June 3, 2009 Joe Hertvik

One company I deal with has two different high-availability setups that mimic production partitions for its main systems. They’ve been running this configuration for two years, and it’s amazing how many high availability issues occur that have little or nothing to do with basic replication. This week, I’ll look beyond basic replication in building a Capacity BackUp (CBU) system and how these issues can affect failover processing.

The CBU in One Paragraph

A CBU is a specially configured iSeries/System i/Power i machine that communicates with your main production partition to replicate production data and applications by using high availability software installed on both machines. The CBU duplicates a production system; the production system is sometimes referred to as the source or production box or machine, and the CBU is sometimes referred to as the target box or machine. In the event of a disaster, the CBU can be switched over to “impersonate” the production box with very little downtime, servicing users, devices, and companion servers. When the main production machine comes back up, the CBU relinquishes its role and production is switched back to the regular system. See the articles in the Related Stories section for more information about i5/OS CBU boxes.

When Basic Replication Isn’t Working Out as Planned

In a high availability environment, all relevant data must be replicated from the production box to the CBU as it is created, changed, or deleted. However, when replicating objects between a source box and a target CBU, I’m always amazed to find two mistakes that can and will bite you whenever you attempt to failover to your backup box.

The first mistake is taking replication for granted. Don’t assume that new libraries or folders on the source system will automatically be added to the target system. They won’t. Replicating data between systems is an on-going process that must be looked at weekly, if not daily. So your first duty beyond basic replication is to set up daily auditing reports that inform you when a library is present on the source system that isn’t present on the target system. When you find a new library that should be added to your CBU, start replicating it over to the CBU immediately, so that you don’t get a nasty surprise the next time you failover. Many popular replication packages offer comparison reports that can be used to compare which libraries are present on your production system that are not present on your target system. Use and audit these reports every single day to keep your libraries in sync.
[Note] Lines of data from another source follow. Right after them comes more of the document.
lemma cmat_matrix_inv_in_reciprocal_inter_perp_translate:
  fixes L :: "(real^'n^'n) set"
  assumes sym: "\<forall>K\<in>L. transpose K = K" and KL: "K \<in> L" and Kinv: "invertible K"
    and Ss: "transpose S = S" and orth: "\<forall>y\<in>L. y \<bullet> (S - matrix_inv K) = 0"
  shows "cmat (matrix_inv K) \<in> reciprocal (cspan L) \<inter> {Sig + cmat S | Sig. Sig \<in> perpC (cspan L)}"
proof
  have "cmat K ** cmat (matrix_inv K) = mat 1"
    by (simp add: cmat_mult[symmetric] matrix_inv_right[OF Kinv] cmat_mat_1)
  then have "cmat (matrix_inv K) \<in> {matrix_inv A | A. A \<in> cspan L \<and> invertible A}"
    using right_inverse_imp_invertible_matrix_inv cmat_in_cspan[OF KL] by force
  then show "cmat (matrix_inv K) \<in> reciprocal (cspan L)"
    unfolding reciprocal_def zariski_closure_def by blast
next
  define R where "R = matrix_inv K - S"
  have "transpose R = R" using matrix_inv_symmetric[OF Kinv] sym KL Ss
    by (simp add: R_def transpose_def vec_eq_iff)
  moreover have "\<forall>y\<in>L. y \<bullet> R = 0" using orth by (simp add: R_def inner_diff_right)
  ultimately have "cmat R \<in> perpC (cspan L)"
    using trace_cspan_mult_cmat_eq_0[OF sym] cmat_in_symC_iff unfolding perpC_def by blast
  moreover have "cmat (matrix_inv K) = cmat R + cmat S" by (simp add: R_def cmat_def vec_eq_iff)
  ultimately show "cmat (matrix_inv K) \<in> {Sig + cmat S | Sig. Sig \<in> perpC (cspan L)}" by blast
qed
(* Let $\Lambda_1,\Lambda_2\in\mathcal{M}_2$. If $\widehat{\Lambda_1}$ or $\widehat{\Lambda_2}$ is differentiable, then $\widehat{\Lambda_1*\Lambda_2}$ is differentiable.
   Context: $\mathcal{M}_2$ is the set of bivariate tail dependence functions $\Lambda(\mathbf{w})=\lim_{s\searrow0}C(s\mathbf{w})/s$, $\mathbf{w}\in\mathbb{R}_+^2$ ($\mathbb{R}_+=[0,\infty)$), of $2$-copulas $C$; they are concave, $1$-Lipschitz and positively homogeneous of order $1$. For $\Lambda\in\mathcal{M}_2$ write $\widehat{\Lambda}(t):=\Lambda(t,1-t)$ for $t\in[0,1]$. The Markov product of $\Lambda_1,\Lambda_2\in\mathcal{M}_2$ is $(\Lambda_1*\Lambda_2)(w_1,w_2):=\int_0^\infty\partial_2\Lambda_1(w_1,t)\,\partial_1\Lambda_2(t,w_2)\,dt$, again an element of $\mathcal{M}_2$. *)

theory Defs
  imports "HOL-Analysis.Analysis"
begin

definition copula2 :: "(real \<Rightarrow> real \<Rightarrow> real) \<Rightarrow> bool" where
  "copula2 C \<longleftrightarrow>
     (\<forall>u\<in>{0..1}. C u 0 = 0 \<and> C 0 u = 0 \<and> C u 1 = u \<and> C 1 u = u) \<and>
     (\<forall>u1\<in>{0..1}. \<forall>u2\<in>{0..1}. \<forall>v1\<in>{0..1}. \<forall>v2\<in>{0..1}.
        u1 \<le> u2 \<longrightarrow> v1 \<le> v2 \<longrightarrow> C u2 v2 - C u2 v1 - C u1 v2 + C u1 v1 \<ge> 0)"

text \<open>M_2: tail dependence functions Lambda(w) = lim_{s -> 0+} C(s w)/s on R_+^2
  of 2-copulas C (values outside R_+^2 are irrelevant).\<close>
definition M2 :: "(real \<Rightarrow> real \<Rightarrow> real) set" where
  "M2 = {L. \<exists>C. copula2 C \<and>
           (\<forall>w1\<ge>0. \<forall>w2\<ge>0. ((\<lambda>s. C (s * w1) (s * w2) / s) \<longlongrightarrow> L w1 w2) (at_right 0))}"

definition hat :: "(real \<Rightarrow> real \<Rightarrow> real) \<Rightarrow> real \<Rightarrow> real" where
  "hat L t = L t (1 - t)"

definition markov_prod ::
  "(real \<Rightarrow> real \<Rightarrow> real) \<Rightarrow> (real \<Rightarrow> real \<Rightarrow> real) \<Rightarrow> real \<Rightarrow> real \<Rightarrow> real" where
  "markov_prod L1 L2 w1 w2 =
     (LINT t:{0<..}|lborel. deriv (\<lambda>y. L1 w1 y) t * deriv (\<lambda>x. L2 x w2) t)"

end

theory Submission
  imports Defs
begin
definition twice_cont_diff :: "('a::real_normed_vector \<Rightarrow> real) \<Rightarrow> bool" where
  "twice_cont_diff f \<longleftrightarrow> (\<exists>Df D2f.
      (\<forall>z. (f has_derivative blinfun_apply (Df z)) (at z)) \<and>
      (\<forall>z. (Df has_derivative blinfun_apply (D2f z)) (at z)) \<and>
      continuous_on UNIV D2f)"

definition ystar :: "('a \<Rightarrow> 'b \<Rightarrow> real) \<Rightarrow> 'a \<Rightarrow> 'b" where
  "ystar G x = (THE y. \<forall>y'. G x y \<le> G x y')"

end

theory Submission
  imports Defs
begin

(*
  One stochastic gradient step on the mu-strongly convex, Lg-smooth lower-level problem contracts
  the squared distance to y*(x_{t-1}) by the factor 1 - 3 delta mu / 2 in its deterministic part,
  while the unbiased noise only adds delta^2 sigma_g^2 in expectation. The target moves as well:
  since the mixed derivative is bounded by C_xy, the minimiser map is (C_xy / mu)-Lipschitz, and
  the Frank-Wolfe step moves x by at most eta D. Young's inequality with weight delta mu / 2 merges
  the contracted distance with this drift.
*)

lemma strongly_convex_on_imp_convex_on_minus_norm_sq:
  fixes f :: "'a::real_inner \<Rightarrow> real"
  assumes "strongly_convex_on \<mu> S f"
  shows "convex_on S (\<lambda>z. f z - \<mu> / 2 * (norm z)\<^sup>2)"
proof (rule convex_onI)
  show "convex S" using assms unfolding strongly_convex_on_def by blast
next
  fix t :: real and u v :: 'a
  assume t: "0 < t" "t < 1" and uv: "u \<in> S" "v \<in> S"
  have sq: "(norm ((1 - t) *\<^sub>R u + t *\<^sub>R v))\<^sup>2
      = (1 - t) * (norm u)\<^sup>2 + t * (norm v)\<^sup>2 - t * (1 - t) * (norm (v - u))\<^sup>2"
    unfolding power2_norm_eq_inner
    by (simp add: inner_add_left inner_add_right inner_diff_left inner_diff_right
        inner_commute algebra_simps)
  have "f ((1 - t) *\<^sub>R u + t *\<^sub>R v)
      \<le> t * f v + (1 - t) * f u - \<mu> / 2 * t * (1 - t) * (norm (v - u))\<^sup>2"
    using assms t uv unfolding strongly_convex_on_def by (auto simp: add.commute)
  moreover have "(1 - t) * (f u - \<mu> / 2 * (norm u)\<^sup>2) + t * (f v - \<mu> / 2 * (norm v)\<^sup>2)
      + \<mu> / 2 * ((1 - t) * (norm u)\<^sup>2 + t * (norm v)\<^sup>2 - t * (1 - t) * (norm (v - u))\<^sup>2)
      = t * f v + (1 - t) * f u - \<mu> / 2 * t * (1 - t) * (norm (v - u))\<^sup>2"
    by (simp add: field_simps)
  ultimately show "f ((1 - t) *\<^sub>R u + t *\<^sub>R v) - \<mu> / 2 * (norm ((1 - t) *\<^sub>R u + t *\<^sub>R v))\<^sup>2
      \<le> (1 - t) * (f u - \<mu> / 2 * (norm u)\<^sup>2) + t * (f v - \<mu> / 2 * (norm v)\<^sup>2)"
    unfolding sq by linarith
qed

lemma convex_on_restrict_to_line:
  fixes h :: "'a::real_vector \<Rightarrow> real"
  assumes "convex_on UNIV h"
  shows "convex_on UNIV (\<lambda>t::real. h (v + t *\<^sub>R d))"
proof (rule convex_onI)
  fix a t1 t2 :: real
  assume "0 < a" "a < 1"
  moreover have "v + ((1 - a) *\<^sub>R t1 + a *\<^sub>R t2) *\<^sub>R d
      = (1 - a) *\<^sub>R (v + t1 *\<^sub>R d) + a *\<^sub>R (v + t2 *\<^sub>R d)"
    by (simp add: algebra_simps)
  ultimately show "h (v + ((1 - a) *\<^sub>R t1 + a *\<^sub>R t2) *\<^sub>R d)
      \<le> (1 - a) * h (v + t1 *\<^sub>R d) + a * h (v + t2 *\<^sub>R d)"
    using assms by (simp add: convex_on_def)
qed simp

lemma strongly_convex_on_imp_above_tangent:
  fixes f :: "'a::real_inner \<Rightarrow> real"
  assumes sc: "strongly_convex_on \<mu> UNIV f"
    and der: "\<And>v. (f has_derivative (\<lambda>k. D v \<bullet> k)) (at v)"
  shows "f z \<ge> f v + D v \<bullet> (z - v) + \<mu> / 2 * (norm (z - v))\<^sup>2"
proof -
  define \<phi> where "\<phi> t = f (v + t *\<^sub>R (z - v)) - \<mu> / 2 * (norm (v + t *\<^sub>R (z - v)))\<^sup>2"
    for t :: real
  have cvx: "convex_on UNIV \<phi>"
    unfolding \<phi>_def
    by (rule convex_on_restrict_to_line[OF strongly_convex_on_imp_convex_on_minus_norm_sq[OF sc]])
  have "((\<lambda>t. v + t *\<^sub>R (z - v)) has_derivative (\<lambda>h. h *\<^sub>R (z - v))) (at 0)"
    by (auto intro!: derivative_eq_intros)
  from has_derivative_compose[OF this der]
  have "((\<lambda>t. f (v + t *\<^sub>R (z - v))) has_derivative (\<lambda>h. D v \<bullet> (h *\<^sub>R (z - v)))) (at 0)"
    by simp
  then have "(\<phi> has_derivative (\<lambda>h. ((D v - \<mu> *\<^sub>R v) \<bullet> (z - v)) * h)) (at 0)"
    unfolding \<phi>_def power2_norm_eq_inner
    by (auto intro!: derivative_eq_intros simp: inner_diff_left inner_commute algebra_simps)
  then have "(\<phi> has_field_derivative ((D v - \<mu> *\<^sub>R v) \<bullet> (z - v))) (at 0 within UNIV)"
    by (simp add: has_field_derivative_def)
  from convex_on_imp_above_tangent[OF cvx _ _ _ this, of 1]
  have "\<phi> 1 - \<phi> 0 \<ge> (D v - \<mu> *\<^sub>R v) \<bullet> (z - v)" by simp
  moreover have "(norm z)\<^sup>2 = (norm v)\<^sup>2 + 2 * (v \<bullet> (z - v)) + (norm (z - v))\<^sup>2"
    unfolding power2_norm_eq_inner
    by (simp add: inner_diff_left inner_diff_right inner_commute algebra_simps)
  ultimately show ?thesis
    unfolding \<phi>_def by (simp add: inner_diff_left algebra_simps)
qed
The second mistake occurs when administrators don’t make sure that replicated data stays in sync. Before a failover, perform further auditing on your data groups to make sure that someone hasn’t accidentally removed a library from the replication scheme. My shop ran a test last month where we found a critical library was present on both the target and source systems, but its contents hadn’t been replicated in six months. Replication had accidentally been turned off; the programs worked but the data was old. So in addition to making sure that you have the same libraries on both systems, make sure that the data is being kept in sync. Otherwise, you may have replicated the file structure perfectly but your data may not be up to date.

Are All Your TCP/IP Settings in Sync?

Chances are good that your CBU failover routines already contain provisions to activate the same TCP/IP interfaces on your target CBU system that you already have on your source system. But be careful that your target system also contains these other TCP/IP entries that your source system uses to communicate with other systems.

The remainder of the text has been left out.